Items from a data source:
▬▬▬▬▬▬▬▬▬▬

text \<open>
  Beyond the horizon the truncated subtraction makes this move myopic, which is harmless because
  payoffs there are already fixed up to the uniform-continuity error.
\<close>

definition backward_profile ::
  "('c list \<Rightarrow> 'a option) \<Rightarrow> ('c list \<Rightarrow> 'c pmf) \<Rightarrow> ('a \<Rightarrow> (nat \<Rightarrow> 'c) \<Rightarrow> real)
    \<Rightarrow> nat \<Rightarrow> 'a \<Rightarrow> 'c list \<Rightarrow> 'c" where
  "backward_profile d P f N b w =
     arg_max (\<lambda>c. backward_value d P f (N - Suc (length w)) (w @ [c]) b) (\<lambda>_. True)"

lemma backward_value_Suc_player:
  "d w = Some b \<Longrightarrow> length w + Suc k = N \<Longrightarrow>
    backward_value d P f (Suc k) w a = backward_value d P f k (w @ [backward_profile d P f N b w]) a"
  by (auto simp: backward_profile_def)

lemma backward_profile_best_reply:
  fixes d :: "'c::finite list \<Rightarrow> 'a option"
  shows "length w + Suc k = N \<Longrightarrow>
    backward_value d P f k (w @ [c]) b \<le> backward_value d P f k (w @ [backward_profile d P f N b w]) b"
  unfolding backward_profile_def by (auto intro: arg_max_finite_ge)
(* Let $A=\{a_n\}_{n\in\mathbb Z}\subset\mathbb R$ be an almost periodic set of density $d$ such that $a_n\le a_{n+1}$ for all $n\in\mathbb Z$. Then $$a_n=n/d+\phi(n),\qquad n\in\mathbb Z,$$ with an almost periodic mapping $\phi:\mathbb Z\to\mathbb R$.
   Context: A discrete locally finite multiset $A=\{a_n\}_{n\in\mathbb Z}\subset\mathbb R$ (a point may occur several times in the sequence) is called almost periodic if for every $\varepsilon>0$ the set $$E_\varepsilon=\{\tau\in\mathbb R:\ \exists\text{ a bijection }\sigma:\mathbb Z\to\mathbb Z\text{ with }\sup_n|a_n+\tau-a_{\sigma(n)}|<\varepsilon\}$$ is relatively dense, i.e. there is $L_\varepsilon>0$ with $E_\varepsilon\cap(x,x+L_\varepsilon)\ne\emptyset$ for every $x\in\mathbb R$. For such $A$ there exists the density $d=\lim_{l(I)\to\infty}\#(A\cap I)/l(I)>0$, the limit taken over half-intervals $I$ with length $l(I)\to\infty$, where $\#(A\cap I)$ counts points with multiplicity. A mapping $\phi:\mathbb Z\to\mathbb R$ is almost periodic if for every $\varepsilon>0$ the set of integers $h$ with $\sup_{n\in\mathbb Z}|\phi(n+h)-\phi(n)|<\varepsilon$ is relatively dense in $\mathbb Z$ (meets every interval of some fixed length $L_\varepsilon$). *)

theory Defs
  imports Complex_Main
begin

▬▬▬▬▬▬▬▬▬▬

__Your task__
Every record should be printed again exactly as it reads.

__Solution__
text \<open>
  Beyond the horizon the truncated subtraction makes this move myopic, which is harmless because
  payoffs there are already fixed up to the uniform-continuity error.
\<close>

definition backward_profile ::
  "('c list \<Rightarrow> 'a option) \<Rightarrow> ('c list \<Rightarrow> 'c pmf) \<Rightarrow> ('a \<Rightarrow> (nat \<Rightarrow> 'c) \<Rightarrow> real)
    \<Rightarrow> nat \<Rightarrow> 'a \<Rightarrow> 'c list \<Rightarrow> 'c" where
  "backward_profile d P f N b w =
     arg_max (\<lambda>c. backward_value d P f (N - Suc (length w)) (w @ [c]) b) (\<lambda>_. True)"

lemma backward_value_Suc_player:
  "d w = Some b \<Longrightarrow> length w + Suc k = N \<Longrightarrow>
    backward_value d P f (Suc k) w a = backward_value d P f k (w @ [backward_profile d P f N b w]) a"
  by (auto simp: backward_profile_def)

lemma backward_profile_best_reply:
  fixes d :: "'c::finite list \<Rightarrow> 'a option"
  shows "length w + Suc k = N \<Longrightarrow>
    backward_value d P f k (w @ [c]) b \<le> backward_value d P f k (w @ [backward_profile d P f N b w]) b"
  unfolding backward_profile_def by (auto intro: arg_max_finite_ge)
(* Let $A=\{a_n\}_{n\in\mathbb Z}\subset\mathbb R$ be an almost periodic set of density $d$ such that $a_n\le a_{n+1}$ for all $n\in\mathbb Z$. Then $$a_n=n/d+\phi(n),\qquad n\in\mathbb Z,$$ with an almost periodic mapping $\phi:\mathbb Z\to\mathbb R$.
   Context: A discrete locally finite multiset $A=\{a_n\}_{n\in\mathbb Z}\subset\mathbb R$ (a point may occur several times in the sequence) is called almost periodic if for every $\varepsilon>0$ the set $$E_\varepsilon=\{\tau\in\mathbb R:\ \exists\text{ a bijection }\sigma:\mathbb Z\to\mathbb Z\text{ with }\sup_n|a_n+\tau-a_{\sigma(n)}|<\varepsilon\}$$ is relatively dense, i.e. there is $L_\varepsilon>0$ with $E_\varepsilon\cap(x,x+L_\varepsilon)\ne\emptyset$ for every $x\in\mathbb R$. For such $A$ there exists the density $d=\lim_{l(I)\to\infty}\#(A\cap I)/l(I)>0$, the limit taken over half-intervals $I$ with length $l(I)\to\infty$, where $\#(A\cap I)$ counts points with multiplicity. A mapping $\phi:\mathbb Z\to\mathbb R$ is almost periodic if for every $\varepsilon>0$ the set of integers $h$ with $\sup_{n\in\mathbb Z}|\phi(n+h)-\phi(n)|<\varepsilon$ is relatively dense in $\mathbb Z$ (meets every interval of some fixed length $L_\varepsilon$). *)

theory Defs
  imports Complex_Main
begin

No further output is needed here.